▶ _Try it_
From the line below that contains "unfolding a_def cf_err_def" to the line that contains "k)) * cf_err", repeat every line exactly, both ends included, and nothing else.
────────
(* Assume (A1)–(A3). If $m_2<0$, then for every $k\ge0$ there exist $\tilde C>0$ and $\tilde\delta>0$ such that for all $i\ge k_0$, $j\in\{0,\dots,k_0-1\}$ and $\ell\ge0$, \[\mathbb P_{(i,j)}\bigl(Y(T^k)=\ell,\ T^k<\tau\bigr)\le\tilde C\exp(-\tilde\delta(i+\ell)),\] where $T^k=\inf\{n>0: X(n)\le\max(k_0-1,k)\}$ and $\tau=\inf\{n>0: Y(n)<k_0\}$.
   Context: Let $\mathbb N=\{0,1,2,\dots\}$ and fix an integer $k_0\ge1$. Let $\mu$, $\mu'_j$ ($0\le j<k_0$), $\mu''_i$ ($0\le i<k_0$), $\mu_{ij}$ ($0\le i,j<k_0$) be probability measures on $\mathbb Z^2$. The random walk $Z=(X(n),Y(n))$ on $\mathbb N^2$ has transition probabilities $p((i,j)\to(i',j'))$ equal to $\mu(i'-i,j'-j)$ if $i,j\ge k_0$; $\mu'_j(i'-i,j'-j)$ if $i\ge k_0$, $0\le j<k_0$; $\mu''_i(i'-i,j'-j)$ if $0\le i<k_0$, $j\ge k_0$; $\mu_{ij}(i'-i,j'-j)$ if $0\le i,j<k_0$; $\mathbb P_{(i,j)}$ is its law from $(i,j)$. Assumptions: (A1) $\mu(a,b)=0$ if $a<-k_0$ or $b<-k_0$; $\mu'_j(a,b)=0$ if $a<-k_0$ or $b<-j$; $\mu''_i(a,b)=0$ if $b<-k_0$ or $a<-i$; $\mu_{ij}(a,b)=0$ if $a<-i$ or $b<-j$. (A2) There are $\delta,\gamma,C>0$ with $\sup_{(i,j)\in\mathbb N^2}\mathbb E_{(i,j)}[\exp(\delta(X(1)-i)+\gamma(Y(1)-j))]\le C$. (A3) The random walk $Z_0$ on $\mathbb Z^2$ with increment law $\mu$, the chain $Z_1$ on $\mathbb N\times\mathbb Z$ (transitions $\mu$ for first coordinate $\ge k_0$, $\mu''_i$ for first coordinate $i<k_0$), the chain $Z_2$ on $\mathbb Z\times\mathbb N$ (transitions $\mu$ for second coordinate $\ge k_0$, $\mu'_j$ for second coordinate $j<k_0$), and $Z$ are irreducible on their state spaces. $m_2=\sum_{(a,b)}b\mu(a,b)$. *)

theory Defs
  imports "HOL-Probability.Probability"
begin
(* Let $G=(V,E)$ be a finite graph with couplings $J_e>0$ and $t_e=\tanh(J_e)$. Fix $A,B\subset V$ with $|A|,|B|$ even. Let $\Omega=\{0,1\}^E$, $\Sigma=\{F\subset E\mid \partial F=A\}$, $f:\Omega\to2^\Sigma$, $f(\omega)=\{F\subset\omega\mid\partial F=A\}$, and $$\rho[\omega]\propto \mathbf{1}[\omega\in\mathcal{F}_A]\,(\ell^{A\triangle B}_t\cup\mathbb{P}_{t^2})[\omega]\ (\omega\in\Omega),\qquad\gamma[\eta]\propto1\ (\eta\in\Sigma).$$ Let $\mathscr{P}$ be the probability measure on $\Omega\times\Sigma$ with $\mathscr{P}[\omega,\eta]\propto\rho[\omega]\gamma[\eta]\mathbf{1}[\eta\in f(\omega)]$. Then: (a) The marginal of $\mathscr{P}$ on $\Sigma$ is $\ell^A_t$. For each $\omega\in\mathcal{F}_A\cap\mathcal{F}_B$, the conditional measure $\mathscr{P}[\cdot\mid\omega]$ is the uniform measure on $\{F\subset\omega\mid\partial F=A\}$. (b) The marginal of $\mathscr{P}$ on $\Omega$ is the double random current $\mathbf{P}^{A,B}_J$. For each $\eta\in\Sigma$, the conditional measure $\mathscr{P}[\cdot\mid\eta]$ is $\ell^B_t\cup\mathbb{P}_{t^2}\cup\delta_\eta$. In particular, the uniform subgraph with sources $A$ of a sample of the double random current with sources $A$ and $B$ has law $\ell^A_t$.
   Context: Configurations $\omega\in\{0,1\}^E$ are identified with their sets of open edges. For $F\subset E$, $\partial F$ is the set of vertices of odd degree in $(V,F)$; $\mathcal{F}_A=\{\omega\subset E\mid\exists F\subset\omega,\ \partial F=A\}$. For positive weights $x=(x_e)$, $\ell^C_x[\omega]\propto\prod_{e\in\omega}x_e\,\mathbf{1}[\partial\omega=C]$ (loop $\mathrm{O}(1)$ model with sources $C$). $\mathbb{P}_{t^2}$ is Bernoulli percolation on $E$ with edge $e$ open independently with probability $t_e^2$; $\delta_\eta$ is the Dirac mass at $\eta$. For measures $\pi,\nu$ on $\{0,1\}^E$, $\pi\cup\nu$ is the law of the union of the open edges of independent samples of $\pi$ and $\nu$. The single random current $\mathbf{P}^C_J$ is the law of $\{e:n_e>0\}$ where $(n_e)$ are independent Poisson$(J_e)$ conditioned on the set of vertices $v$ with $\sum_{e\ni v}n_e$ odd being $C$; the double random current $\mathbf{P}^{A,B}_J$ is the law of the union of independent samples of $\mathbf{P}^A_J$ and $\mathbf{P}^B_J$. *)

theory Defs
  imports "HOL-Analysis.Analysis"
begin

text \<open>Graph: vertex set V, edge set E of two-element subsets of V.
  Configurations are subsets of E; measures on configurations are
  represented by their probability mass functions  'v set set => real.\<close>

definition simple_graph :: "'v set \<Rightarrow> 'v set set \<Rightarrow> bool" where
  "simple_graph V E \<longleftrightarrow> finite V \<and> (\<forall>e\<in>E. e \<subseteq> V \<and> card e = 2)"
lemma exponentially_small_eventually_eq:
  assumes "exponentially_small x" "\<forall>\<^sub>F N in sequentially. y N = x N"
  shows "exponentially_small y"
proof -
  obtain c L where "0 < c" "\<forall>\<^sub>F N in sequentially. norm (x N) \<le> L * exp (- c * real N)"
    using assms(1) by (auto simp: exponentially_small_def)
  with assms(2) show ?thesis
    by (intro exponentially_smallI[of c]) (auto elim: eventually_elim2)
qed

lemma eventually_exp_ge_2:
  assumes "0 < \<kappa>"
  shows "\<forall>\<^sub>F N in sequentially. 2 \<le> exp (\<kappa> * real N)"
  using eventually_inverse_real_less[OF assms] eventually_gt_at_top[of 0]
proof eventually_elim
  case (elim N)
  then have "1 \<le> \<kappa> * real N" using assms by (simp add: field_simps)
  then show ?case using exp_ge_add_one_self[of "\<kappa> * real N"] by linarith
qed

lemma norm_exp_of_nat_mult_le:
  assumes "Re w \<le> - c"
  shows "norm (exp (of_nat N * w)) \<le> exp (- c * real N)"
  using mult_left_mono[OF assms, of "real N"] by (simp add: algebra_simps)

lemma norm_upper_kernel_quotient_le:
  fixes N :: nat and z w :: complex
  assumes X: "2 \<le> exp (2 * pi * real N * Im z)" and w: "Re w \<le> 2 * pi * Im z - c"
  shows "norm (exp (of_nat N * w) / (exp (- 2 * of_real pi * \<i> * of_nat N * z) - 1)) \<le> 2 * exp (- c * real N)"
proof -
  define X where "X = exp (2 * pi * real N * Im z)"
  have "norm (exp (- 2 * of_real pi * \<i> * of_nat N * z)) = X" by (simp add: X_def)
  then have den: "X / 2 \<le> norm (exp (- 2 * of_real pi * \<i> * of_nat N * z) - 1)"
    using norm_triangle_ineq2[of "exp (- 2 * of_real pi * \<i> * of_nat N * z)" 1] X by (simp add: X_def)
  have "norm (exp (of_nat N * w)) = exp (real N * Re w)" by simp
  also have "\<dots> \<le> exp (real N * (2 * pi * Im z - c))"
    using w by (simp add: mult_left_mono)
  also have "\<dots> = X * exp (- c * real N)" by (simp add: X_def algebra_simps flip: exp_add)
  finally have num: "norm (exp (of_nat N * w)) \<le> X * exp (- c * real N)" .
  have "norm (exp (of_nat N * w) / (exp (- 2 * of_real pi * \<i> * of_nat N * z) - 1))
      \<le> X * exp (- c * real N) / (X / 2)"
    unfolding norm_divide using num den X by (intro frac_le) (auto simp: X_def)
  also have "\<dots> = 2 * exp (- c * real N)" using X by (simp add: X_def field_simps)
  finally show ?thesis .
qed

lemma norm_upper_kernel_quotient_half_lattice_le:
  fixes N :: nat and w :: complex
  assumes N: "N > 0" and w: "Re w \<le> 2 * pi * t - c"
  shows "norm (exp (of_nat N * w) / (exp (- 2 * of_real pi * \<i> * of_nat N *
                (of_real (half_lattice N j) + \<i> * of_real t)) - 1)) \<le> exp (- c * real N)"
proof -
  define X where "X = exp (2 * pi * real N * t)"
  have "- 2 * of_real pi * \<i> * of_nat N * (of_real (half_lattice N j) + \<i> * of_real t)
        = \<i> * (of_int (- j - 1) * (of_real pi * 2)) + \<i> * of_real pi + of_real (2 * pi * real N * t)"
    using N by (simp add: half_lattice_def complex_eq_iff field_simps)
  then have E: "exp (- 2 * of_real pi * \<i> * of_nat N * (of_real (half_lattice N j) + \<i> * of_real t))
      = - of_real X"
    by (simp only: exp_add exp_2pi_1_int exp_pi_i' exp_of_real X_def) simp
  have "- complex_of_real X - 1 = - complex_of_real (X + 1)" by simp
  then have den: "norm (exp (- 2 * of_real pi * \<i> * of_nat N * (of_real (half_lattice N j) + \<i> * of_real t)) - 1)
      = X + 1"
    unfolding E by (simp only: norm_minus_cancel norm_of_real) (simp add: X_def add_pos_pos)
  have "norm (exp (of_nat N * w)) = exp (real N * Re w)" by simp
  also have "\<dots> \<le> exp (real N * (2 * pi * t - c))"
    using w by (simp add: mult_left_mono)
  also have "\<dots> = X * exp (- c * real N)" by (simp add: X_def algebra_simps flip: exp_add)
  finally have "norm (exp (of_nat N * w)) / (X + 1) \<le> X * exp (- c * real N) / (X + 1)"
    by (rule divide_right_mono) (simp add: X_def add_nonneg_nonneg)
  also have "\<dots> \<le> exp (- c * real N)"
    by (simp add: X_def divide_le_eq add_pos_pos algebra_simps)
  finally show ?thesis unfolding norm_divide den .
qed
(* For every positive integer $n$, the set $\mathcal{L}_n$ is a closed subset of $\mathbb{R}$.
   Context: For an irrational real $\xi$ and positive integer $n$, $\lambda_n(\xi) = \limsup_{s/t \to \xi} \dfrac{\gcd(t,n)}{t^2 \left| \frac{s}{t} - \xi\right|}$ (limsup over rationals $s/t$, $t>0$, tending to $\xi$), and $\mathcal{L}_n = \{\lambda_n(\xi)\in\mathbb{R} : \xi\in\mathbb{R}\setminus\mathbb{Q}\}$. *)

theory Defs
  imports "HOL-Analysis.Analysis" "HOL-Library.Extended_Real"
begin

definition approx_quot :: "nat \<Rightarrow> real \<Rightarrow> int \<Rightarrow> int \<Rightarrow> real" where
  "approx_quot n xi s t =
     real_of_int (gcd t (int n)) / ((real_of_int t)^2 * \<bar>real_of_int s / real_of_int t - xi\<bar>)"

text \<open>lambda_n(xi): limsup, as the rational s/t (t > 0) tends to xi, of approx_quot;
  valued in the extended reals (it may be infinite).\<close>
definition lambda_n :: "nat \<Rightarrow> real \<Rightarrow> ereal" where
  "lambda_n n xi =
     (INF d\<in>{d::real. d > 0}.
        SUP st\<in>{(s::int, t::int). t > 0 \<and> 0 < \<bar>real_of_int s / real_of_int t - xi\<bar>
                                  \<and> \<bar>real_of_int s / real_of_int t - xi\<bar> < d}.
          ereal (approx_quot n xi (fst st) (snd st)))"

definition L_set :: "nat \<Rightarrow> real set" where
  "L_set n = {x. \<exists>xi. xi \<notin> \<rat> \<and> lambda_n n xi = ereal x}"

end

theory Submission
  imports Defs
begin

section \<open>Continued fraction expansions\<close>

definition cf_step :: "int \<Rightarrow> real \<Rightarrow> real" where
  "cf_step a x = 1 / (real_of_int a + x)"

text \<open>\<open>c\<close> is the digit sequence of \<open>xi\<close> and \<open>tau k\<close> (for \<open>k \<ge> 1\<close>) is the tail
  \<open>[0; c k, c (k+1), \<dots>]\<close>; the values \<open>tau 0\<close> are irrelevant.\<close>
definition cf_expansion :: "real \<Rightarrow> (nat \<Rightarrow> int) \<Rightarrow> (nat \<Rightarrow> real) \<Rightarrow> bool" where
  "cf_expansion xi c tau \<longleftrightarrow>
     (\<forall>k\<ge>1. 1 \<le> c k \<and> 0 < tau k \<and> tau k < 1 \<and> tau k = cf_step (c k) (tau (Suc k)))
     \<and> xi = real_of_int (c 0) + tau 1"

context
  fixes xi c tau
  assumes cf: "cf_expansion xi c tau"
begin

lemma cf_digits_ge_1: "\<forall>k\<ge>1. 1 \<le> c k"
  using cf unfolding cf_expansion_def by blast

lemma cf_digit_ge_1: "1 \<le> k \<Longrightarrow> 1 \<le> c k"
  using cf_digits_ge_1 by blast

lemma cf_tail_pos: "1 \<le> k \<Longrightarrow> 0 < tau k"
  using cf unfolding cf_expansion_def by blast

lemma cf_tail_less_1: "1 \<le> k \<Longrightarrow> tau k < 1"
  using cf unfolding cf_expansion_def by blast

lemma cf_tail_step: "1 \<le> k \<Longrightarrow> tau k = cf_step (c k) (tau (Suc k))"
  using cf unfolding cf_expansion_def by blast

lemma cf_value: "xi = real_of_int (c 0) + tau 1"
  using cf unfolding cf_expansion_def by blast

end

text \<open>Shifted indexing: \<open>cf_num c (k+1) / cf_den c (k+1)\<close> is the convergent
  \<open>[c 0; c 1, \<dots>, c k]\<close>, and index 0 holds the formal fraction \<open>1/0\<close>.\<close>
fun cf_den :: "(nat \<Rightarrow> int) \<Rightarrow> nat \<Rightarrow> int" where
  "cf_den c 0 = 0"
| "cf_den c (Suc 0) = 1"
| "cf_den c (Suc (Suc k)) = c (Suc k) * cf_den c (Suc k) + cf_den c k"

fun cf_num :: "(nat \<Rightarrow> int) \<Rightarrow> nat \<Rightarrow> int" where
  "cf_num c 0 = 1"
| "cf_num c (Suc 0) = c 0"
| "cf_num c (Suc (Suc k)) = c (Suc k) * cf_num c (Suc k) + cf_num c k"

definition cf_err :: "real \<Rightarrow> (nat \<Rightarrow> int) \<Rightarrow> nat \<Rightarrow> real" where
  "cf_err xi c k = real_of_int (cf_den c k) * xi - real_of_int (cf_num c k)"

context
  fixes c :: "nat \<Rightarrow> int"
  assumes digits: "\<forall>k\<ge>1. 1 \<le> c k"
begin

lemma cf_den_Suc_ge:
  "0 \<le> cf_den c k \<and> 1 \<le> cf_den c (Suc k) \<and> cf_den c k \<le> cf_den c (Suc k)"
proof (induction k rule: less_induct)
  case (less k)
  show ?case
  proof (cases k)
    case (Suc m)
    then have IH: "0 \<le> cf_den c m \<and> 1 \<le> cf_den c (Suc m) \<and> cf_den c m \<le> cf_den c (Suc m)"
      using less by simp
    have "cf_den c (Suc m) \<le> c (Suc m) * cf_den c (Suc m)"
      using digits IH by (simp add: mult_le_cancel_right1)
    moreover have "cf_den c (Suc (Suc m)) = c (Suc m) * cf_den c (Suc m) + cf_den c m" by simp
    ultimately have "cf_den c (Suc m) \<le> cf_den c (Suc (Suc m))" using IH by linarith
    then show ?thesis using Suc IH by simp
  qed simp
qed

lemma cf_den_nonneg: "0 \<le> cf_den c k"
  using cf_den_Suc_ge by blast

lemma cf_den_Suc_pos: "0 < cf_den c (Suc k)"
  using cf_den_Suc_ge[of k] by simp

lemma cf_den_pos: "1 \<le> k \<Longrightarrow> 1 \<le> cf_den c k"
  using cf_den_Suc_ge[of "k - 1"] by simp

lemma cf_den_mono: "a \<le> b \<Longrightarrow> cf_den c a \<le> cf_den c b"
  using lift_Suc_mono_le[of "cf_den c"] cf_den_Suc_ge by blast

lemma cf_den_ge_index: "int k \<le> cf_den c (Suc k)"
proof (induction k rule: less_induct)
  case (less k)
  show ?case
  proof (cases k)
    case (Suc m)
    show ?thesis
    proof (cases m)
      case (Suc m')
      have "cf_den c (Suc m) \<le> c (Suc m) * cf_den c (Suc m)"
        using digits cf_den_Suc_ge[of m] by (simp add: mult_le_cancel_right1)
      moreover have "1 \<le> cf_den c m" using cf_den_pos Suc by simp
      ultimately show ?thesis using less[of m] \<open>k = Suc m\<close> by simp
    qed (use Suc cf_den_Suc_ge[of 1] in simp)
  qed simp
qed

end

lemma cf_det: "cf_num c (Suc k) * cf_den c k - cf_num c k * cf_den c (Suc k) = (-1) ^ Suc k"
proof (induction k)
  case (Suc k)
  have "cf_num c (Suc (Suc k)) * cf_den c (Suc k) - cf_num c (Suc k) * cf_den c (Suc (Suc k))
        = - (cf_num c (Suc k) * cf_den c k - cf_num c k * cf_den c (Suc k))"
    by (simp add: algebra_simps)
  then show ?case using Suc by simp
qed simp

context
  fixes xi c tau
  assumes cf: "cf_expansion xi c tau"
begin

lemma cf_err_Suc: "cf_err xi c (Suc k) = - tau (Suc k) * cf_err xi c k"
proof (induction k)
  case 0
  then show ?case using cf_value[OF cf] by (simp add: cf_err_def)
next
  case (Suc k)
  define a where "a = real_of_int (c (Suc k))"
  define b where "b = tau (Suc (Suc k))"
  have "0 < b" "1 \<le> a" unfolding a_def b_def
    using cf_tail_pos[OF cf] cf_digit_ge_1[OF cf] by auto
  then have inv: "tau (Suc k) * (a + b) = 1"
    using cf_tail_step[OF cf, of "Suc k"] unfolding a_def b_def cf_step_def by simp
  have "cf_err xi c (Suc k) * (a + b) = - (tau (Suc k) * (a + b)) * cf_err xi c k"
    using Suc by simp
  also have "\<dots> = - cf_err xi c k" using inv by simp
  finally have "cf_err xi c k = - (a + b) * cf_err xi c (Suc k)" by (simp add: algebra_simps)
  moreover have "cf_err xi c (Suc (Suc k)) = a * cf_err xi c (Suc k) + cf_err xi c k"
    unfolding a_def cf_err_def by (simp add: algebra_simps)
  ultimately show ?case unfolding b_def by (simp add: algebra_simps)
qed

lemma cf_err_nonzero: "cf_err xi c k \<noteq> 0"
proof (induction k)
  case (Suc k)
  then show ?case using cf_err_Suc[of k] cf_tail_pos[OF cf, of "Suc k"] by simp
qed (simp add: cf_err_def)

lemma cf_err_abs_eq:
  "\<bar>cf_err xi c k\<bar> * (real_of_int (cf_den c (Suc k)) + real_of_int (cf_den c k) * tau (Suc k)) = 1"
proof -
  have "cf_err xi c k * (real_of_int (cf_den c (Suc k)) + real_of_int (cf_den c k) * tau (Suc k))
     = real_of_int (cf_den c (Suc k)) * cf_err xi c k - cf_den c k * cf_err xi c (Suc k)"
    unfolding cf_err_Suc by (simp add: algebra_simps)
  also have "\<dots> = real_of_int (cf_num c (Suc k) * cf_den c k - cf_num c k * cf_den c (Suc k))"
    unfolding cf_err_def by (simp add: algebra_simps)
  finally have "\<bar>cf_err xi c k * (real_of_int (cf_den c (Suc k)) + real_of_int (cf_den c k) * tau (Suc k))\<bar> = 1"
    by (simp add: cf_det)
  moreover have "0 \<le> real_of_int (cf_den c k) * tau (Suc k)"
    using cf_den_nonneg[OF cf_digits_ge_1[OF cf]] cf_tail_pos[OF cf, of "Suc k"] by simp
  ultimately show ?thesis
    using cf_den_Suc_pos[OF cf_digits_ge_1[OF cf], of k] by (simp add: abs_mult)
qed

lemma cf_err_abs_le: "\<bar>cf_err xi c k\<bar> * cf_den c (Suc k) \<le> 1"
proof -
  have "0 \<le> \<bar>cf_err xi c k\<bar> * (real_of_int (cf_den c k) * tau (Suc k))"
    using cf_den_nonneg[OF cf_digits_ge_1[OF cf]] cf_tail_pos[OF cf, of "Suc k"] by simp
  then show ?thesis using cf_err_abs_eq[of k] by (simp add: algebra_simps)
qed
────────
▶ _Problem solution_
    unfolding a_def cf_err_def by (simp add: algebra_simps)
  ultimately show ?case unfolding b_def by (simp add: algebra_simps)
qed

lemma cf_err_nonzero: "cf_err xi c k \<noteq> 0"
proof (induction k)
  case (Suc k)
  then show ?case using cf_err_Suc[of k] cf_tail_pos[OF cf, of "Suc k"] by simp
qed (simp add: cf_err_def)

lemma cf_err_abs_eq:
  "\<bar>cf_err xi c k\<bar> * (real_of_int (cf_den c (Suc k)) + real_of_int (cf_den c k) * tau (Suc k)) = 1"
proof -
  have "cf_err xi c k * (real_of_int (cf_den c (Suc k)) + real_of_int (cf_den c k) * tau (Suc k))
     = real_of_int (cf_den c (Suc k)) * cf_err xi c k - cf_den c k * cf_err xi c (Suc k)"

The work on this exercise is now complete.